### Data supplied
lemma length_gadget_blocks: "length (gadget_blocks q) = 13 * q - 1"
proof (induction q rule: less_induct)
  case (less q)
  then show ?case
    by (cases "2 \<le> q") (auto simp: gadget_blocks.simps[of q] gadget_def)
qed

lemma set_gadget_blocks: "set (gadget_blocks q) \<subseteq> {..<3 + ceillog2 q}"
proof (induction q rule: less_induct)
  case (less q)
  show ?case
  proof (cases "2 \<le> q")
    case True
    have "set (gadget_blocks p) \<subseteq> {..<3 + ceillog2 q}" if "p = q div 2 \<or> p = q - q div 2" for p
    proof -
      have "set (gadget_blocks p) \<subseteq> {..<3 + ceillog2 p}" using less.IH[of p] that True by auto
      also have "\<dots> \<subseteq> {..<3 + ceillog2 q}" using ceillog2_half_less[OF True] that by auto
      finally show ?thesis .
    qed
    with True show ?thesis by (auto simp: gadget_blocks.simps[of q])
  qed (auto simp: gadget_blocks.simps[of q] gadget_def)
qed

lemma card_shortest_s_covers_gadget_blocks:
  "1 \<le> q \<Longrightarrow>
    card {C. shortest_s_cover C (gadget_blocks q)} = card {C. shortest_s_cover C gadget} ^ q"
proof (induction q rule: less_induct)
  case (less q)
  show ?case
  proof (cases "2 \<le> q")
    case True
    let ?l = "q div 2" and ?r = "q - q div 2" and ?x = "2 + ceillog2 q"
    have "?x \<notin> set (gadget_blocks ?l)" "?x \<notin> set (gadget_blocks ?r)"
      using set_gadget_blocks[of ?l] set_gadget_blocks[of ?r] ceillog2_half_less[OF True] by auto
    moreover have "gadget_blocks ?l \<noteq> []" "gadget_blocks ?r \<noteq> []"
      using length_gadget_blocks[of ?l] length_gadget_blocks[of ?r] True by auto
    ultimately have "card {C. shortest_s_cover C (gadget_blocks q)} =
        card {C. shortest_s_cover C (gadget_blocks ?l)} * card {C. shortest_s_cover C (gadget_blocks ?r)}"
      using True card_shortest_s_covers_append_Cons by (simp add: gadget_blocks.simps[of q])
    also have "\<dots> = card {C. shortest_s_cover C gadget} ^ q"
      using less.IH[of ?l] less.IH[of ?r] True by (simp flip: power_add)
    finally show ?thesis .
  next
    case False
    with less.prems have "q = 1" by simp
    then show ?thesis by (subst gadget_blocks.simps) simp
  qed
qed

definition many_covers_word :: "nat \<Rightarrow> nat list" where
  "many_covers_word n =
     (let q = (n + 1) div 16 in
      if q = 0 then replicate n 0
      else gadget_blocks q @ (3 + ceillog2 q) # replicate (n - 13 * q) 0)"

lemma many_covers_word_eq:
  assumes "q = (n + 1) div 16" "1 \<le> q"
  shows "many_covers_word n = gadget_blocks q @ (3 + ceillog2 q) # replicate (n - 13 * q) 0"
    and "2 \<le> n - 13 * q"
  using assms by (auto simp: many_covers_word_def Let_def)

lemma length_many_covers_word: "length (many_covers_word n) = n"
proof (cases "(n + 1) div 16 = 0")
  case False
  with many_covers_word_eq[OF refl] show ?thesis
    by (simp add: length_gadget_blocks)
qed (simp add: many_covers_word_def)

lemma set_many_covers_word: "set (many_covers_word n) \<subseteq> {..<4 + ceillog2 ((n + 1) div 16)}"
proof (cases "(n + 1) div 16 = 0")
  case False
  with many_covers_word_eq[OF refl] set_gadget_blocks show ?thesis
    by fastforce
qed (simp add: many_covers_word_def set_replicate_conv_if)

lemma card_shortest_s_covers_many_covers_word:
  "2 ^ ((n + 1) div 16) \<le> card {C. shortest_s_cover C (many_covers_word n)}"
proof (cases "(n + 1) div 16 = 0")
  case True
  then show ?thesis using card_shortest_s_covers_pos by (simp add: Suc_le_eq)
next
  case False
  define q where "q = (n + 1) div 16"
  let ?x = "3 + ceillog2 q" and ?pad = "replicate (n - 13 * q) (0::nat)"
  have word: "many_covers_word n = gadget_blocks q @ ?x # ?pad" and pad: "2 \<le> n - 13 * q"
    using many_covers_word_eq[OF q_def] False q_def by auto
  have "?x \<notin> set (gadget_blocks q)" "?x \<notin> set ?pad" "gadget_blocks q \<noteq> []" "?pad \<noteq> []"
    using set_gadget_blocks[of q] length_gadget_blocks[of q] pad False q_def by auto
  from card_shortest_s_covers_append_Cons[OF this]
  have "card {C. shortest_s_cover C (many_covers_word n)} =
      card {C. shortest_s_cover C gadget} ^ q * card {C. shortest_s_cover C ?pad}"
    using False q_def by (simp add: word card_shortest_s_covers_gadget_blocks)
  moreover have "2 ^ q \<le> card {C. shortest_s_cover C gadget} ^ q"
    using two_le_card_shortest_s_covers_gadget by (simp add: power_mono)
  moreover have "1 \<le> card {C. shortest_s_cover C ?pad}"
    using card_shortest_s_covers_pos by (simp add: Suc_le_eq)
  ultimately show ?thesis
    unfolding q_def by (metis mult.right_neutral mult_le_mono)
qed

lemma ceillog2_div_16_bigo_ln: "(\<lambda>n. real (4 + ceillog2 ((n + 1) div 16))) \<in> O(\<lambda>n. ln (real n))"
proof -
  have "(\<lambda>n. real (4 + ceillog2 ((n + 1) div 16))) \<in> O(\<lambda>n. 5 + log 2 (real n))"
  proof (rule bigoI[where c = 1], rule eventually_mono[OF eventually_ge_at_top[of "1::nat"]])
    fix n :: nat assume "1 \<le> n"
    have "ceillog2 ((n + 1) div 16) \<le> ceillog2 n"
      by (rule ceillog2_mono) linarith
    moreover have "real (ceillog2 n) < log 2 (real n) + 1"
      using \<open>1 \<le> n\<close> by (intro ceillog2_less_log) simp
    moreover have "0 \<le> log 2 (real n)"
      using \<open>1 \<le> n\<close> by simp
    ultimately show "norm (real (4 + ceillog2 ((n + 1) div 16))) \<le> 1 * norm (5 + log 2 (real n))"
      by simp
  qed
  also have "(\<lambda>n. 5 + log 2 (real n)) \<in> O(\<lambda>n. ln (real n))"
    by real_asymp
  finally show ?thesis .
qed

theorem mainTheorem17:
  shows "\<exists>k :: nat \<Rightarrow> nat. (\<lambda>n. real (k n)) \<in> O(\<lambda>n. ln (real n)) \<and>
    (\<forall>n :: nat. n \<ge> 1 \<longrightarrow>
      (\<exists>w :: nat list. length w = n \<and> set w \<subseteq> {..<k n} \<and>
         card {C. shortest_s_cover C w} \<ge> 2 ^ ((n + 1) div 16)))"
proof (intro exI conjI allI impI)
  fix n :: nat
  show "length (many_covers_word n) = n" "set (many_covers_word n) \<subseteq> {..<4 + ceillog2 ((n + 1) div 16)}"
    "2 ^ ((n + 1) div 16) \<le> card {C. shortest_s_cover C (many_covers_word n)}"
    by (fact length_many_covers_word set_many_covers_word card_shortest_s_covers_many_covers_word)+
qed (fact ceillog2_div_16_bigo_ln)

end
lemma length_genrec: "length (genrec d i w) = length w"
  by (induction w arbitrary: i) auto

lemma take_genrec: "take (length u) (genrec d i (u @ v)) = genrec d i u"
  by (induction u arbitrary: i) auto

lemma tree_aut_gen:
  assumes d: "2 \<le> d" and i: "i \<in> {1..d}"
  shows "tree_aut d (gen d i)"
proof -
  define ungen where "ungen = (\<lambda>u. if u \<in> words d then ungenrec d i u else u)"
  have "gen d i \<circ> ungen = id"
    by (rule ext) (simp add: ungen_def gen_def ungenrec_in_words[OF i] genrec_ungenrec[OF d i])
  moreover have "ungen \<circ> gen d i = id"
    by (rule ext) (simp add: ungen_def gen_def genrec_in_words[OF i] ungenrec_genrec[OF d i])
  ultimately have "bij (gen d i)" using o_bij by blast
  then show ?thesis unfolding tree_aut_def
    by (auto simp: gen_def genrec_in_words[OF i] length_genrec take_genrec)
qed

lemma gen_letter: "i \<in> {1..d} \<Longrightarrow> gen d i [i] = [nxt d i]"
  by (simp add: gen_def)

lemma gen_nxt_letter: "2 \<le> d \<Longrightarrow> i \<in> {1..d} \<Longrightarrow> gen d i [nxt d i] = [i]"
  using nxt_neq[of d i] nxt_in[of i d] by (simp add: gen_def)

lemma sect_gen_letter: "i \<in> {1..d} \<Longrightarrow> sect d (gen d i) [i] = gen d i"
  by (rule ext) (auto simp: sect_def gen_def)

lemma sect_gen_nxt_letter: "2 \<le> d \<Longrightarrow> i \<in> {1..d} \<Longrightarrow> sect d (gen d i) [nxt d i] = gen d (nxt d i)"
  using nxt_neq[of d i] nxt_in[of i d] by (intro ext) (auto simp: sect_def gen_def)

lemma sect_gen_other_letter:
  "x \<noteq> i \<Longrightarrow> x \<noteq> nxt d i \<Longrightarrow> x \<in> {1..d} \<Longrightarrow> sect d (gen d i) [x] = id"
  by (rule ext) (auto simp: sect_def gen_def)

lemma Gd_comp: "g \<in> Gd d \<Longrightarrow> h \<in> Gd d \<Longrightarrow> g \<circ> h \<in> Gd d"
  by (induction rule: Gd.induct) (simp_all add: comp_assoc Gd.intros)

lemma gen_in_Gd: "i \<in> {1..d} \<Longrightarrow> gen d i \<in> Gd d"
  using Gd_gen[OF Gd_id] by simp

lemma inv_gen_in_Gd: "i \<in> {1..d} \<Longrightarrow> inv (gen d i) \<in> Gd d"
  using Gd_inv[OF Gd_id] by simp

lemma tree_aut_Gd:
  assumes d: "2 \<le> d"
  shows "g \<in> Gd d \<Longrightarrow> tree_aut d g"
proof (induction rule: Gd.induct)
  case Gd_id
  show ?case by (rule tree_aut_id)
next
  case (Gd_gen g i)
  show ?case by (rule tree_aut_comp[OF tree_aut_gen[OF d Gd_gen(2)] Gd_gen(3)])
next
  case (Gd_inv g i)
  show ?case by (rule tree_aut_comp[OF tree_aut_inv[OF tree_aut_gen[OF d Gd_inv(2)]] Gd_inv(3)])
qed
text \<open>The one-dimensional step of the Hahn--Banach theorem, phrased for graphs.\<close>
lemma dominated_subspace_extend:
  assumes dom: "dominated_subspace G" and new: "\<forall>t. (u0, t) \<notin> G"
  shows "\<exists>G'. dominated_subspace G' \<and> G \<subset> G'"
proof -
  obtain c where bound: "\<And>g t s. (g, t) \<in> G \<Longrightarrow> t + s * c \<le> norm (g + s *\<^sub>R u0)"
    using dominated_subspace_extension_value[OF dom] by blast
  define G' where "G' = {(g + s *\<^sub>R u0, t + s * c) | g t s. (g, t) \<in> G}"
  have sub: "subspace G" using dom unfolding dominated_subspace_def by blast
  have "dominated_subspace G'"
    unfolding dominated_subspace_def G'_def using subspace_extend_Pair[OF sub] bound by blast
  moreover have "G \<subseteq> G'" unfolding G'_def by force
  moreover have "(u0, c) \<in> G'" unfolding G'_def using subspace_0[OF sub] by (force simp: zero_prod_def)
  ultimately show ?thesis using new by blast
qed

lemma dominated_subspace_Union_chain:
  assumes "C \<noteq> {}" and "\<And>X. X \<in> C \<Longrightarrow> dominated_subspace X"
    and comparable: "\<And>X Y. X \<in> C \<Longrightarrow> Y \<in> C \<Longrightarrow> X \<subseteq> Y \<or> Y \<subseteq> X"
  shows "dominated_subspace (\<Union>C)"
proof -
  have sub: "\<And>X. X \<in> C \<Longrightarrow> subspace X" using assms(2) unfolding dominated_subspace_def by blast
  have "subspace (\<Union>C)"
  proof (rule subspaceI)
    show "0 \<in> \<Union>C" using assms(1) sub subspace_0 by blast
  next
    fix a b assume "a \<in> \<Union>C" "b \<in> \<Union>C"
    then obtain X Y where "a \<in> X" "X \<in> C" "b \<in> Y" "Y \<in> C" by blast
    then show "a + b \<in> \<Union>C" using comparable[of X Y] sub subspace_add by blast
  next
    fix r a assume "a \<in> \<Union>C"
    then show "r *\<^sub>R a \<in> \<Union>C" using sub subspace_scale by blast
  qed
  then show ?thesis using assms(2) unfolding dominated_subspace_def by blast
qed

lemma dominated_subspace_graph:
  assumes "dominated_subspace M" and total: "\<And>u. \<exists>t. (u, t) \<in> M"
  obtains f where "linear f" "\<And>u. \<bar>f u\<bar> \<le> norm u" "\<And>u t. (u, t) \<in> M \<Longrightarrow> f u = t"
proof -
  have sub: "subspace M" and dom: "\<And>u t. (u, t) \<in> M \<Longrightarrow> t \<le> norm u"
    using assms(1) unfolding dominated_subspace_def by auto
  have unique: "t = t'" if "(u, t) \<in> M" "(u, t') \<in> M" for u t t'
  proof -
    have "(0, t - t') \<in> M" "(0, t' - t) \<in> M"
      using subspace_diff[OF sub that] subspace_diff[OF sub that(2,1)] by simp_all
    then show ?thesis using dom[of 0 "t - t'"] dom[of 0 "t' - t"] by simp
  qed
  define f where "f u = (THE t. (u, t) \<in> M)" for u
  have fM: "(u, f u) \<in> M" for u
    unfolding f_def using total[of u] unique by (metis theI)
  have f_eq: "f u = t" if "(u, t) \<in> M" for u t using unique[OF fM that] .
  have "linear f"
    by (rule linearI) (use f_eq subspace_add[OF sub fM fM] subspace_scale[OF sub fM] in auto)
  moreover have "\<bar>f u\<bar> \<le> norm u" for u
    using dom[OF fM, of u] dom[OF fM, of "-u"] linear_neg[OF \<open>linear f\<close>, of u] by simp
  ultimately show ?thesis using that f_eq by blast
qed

### Required action
Exact duplication is required for the lines above, from the line that contains "from card_shortest_s_covers_append_Cons[OF this]" to the line that contains "q \<le> card", inclusive; omit all others.

### Solved problem
  from card_shortest_s_covers_append_Cons[OF this]
  have "card {C. shortest_s_cover C (many_covers_word n)} =
      card {C. shortest_s_cover C gadget} ^ q * card {C. shortest_s_cover C ?pad}"
    using False q_def by (simp add: word card_shortest_s_covers_gadget_blocks)
  moreover have "2 ^ q \<le> card {C. shortest_s_cover C gadget} ^ q"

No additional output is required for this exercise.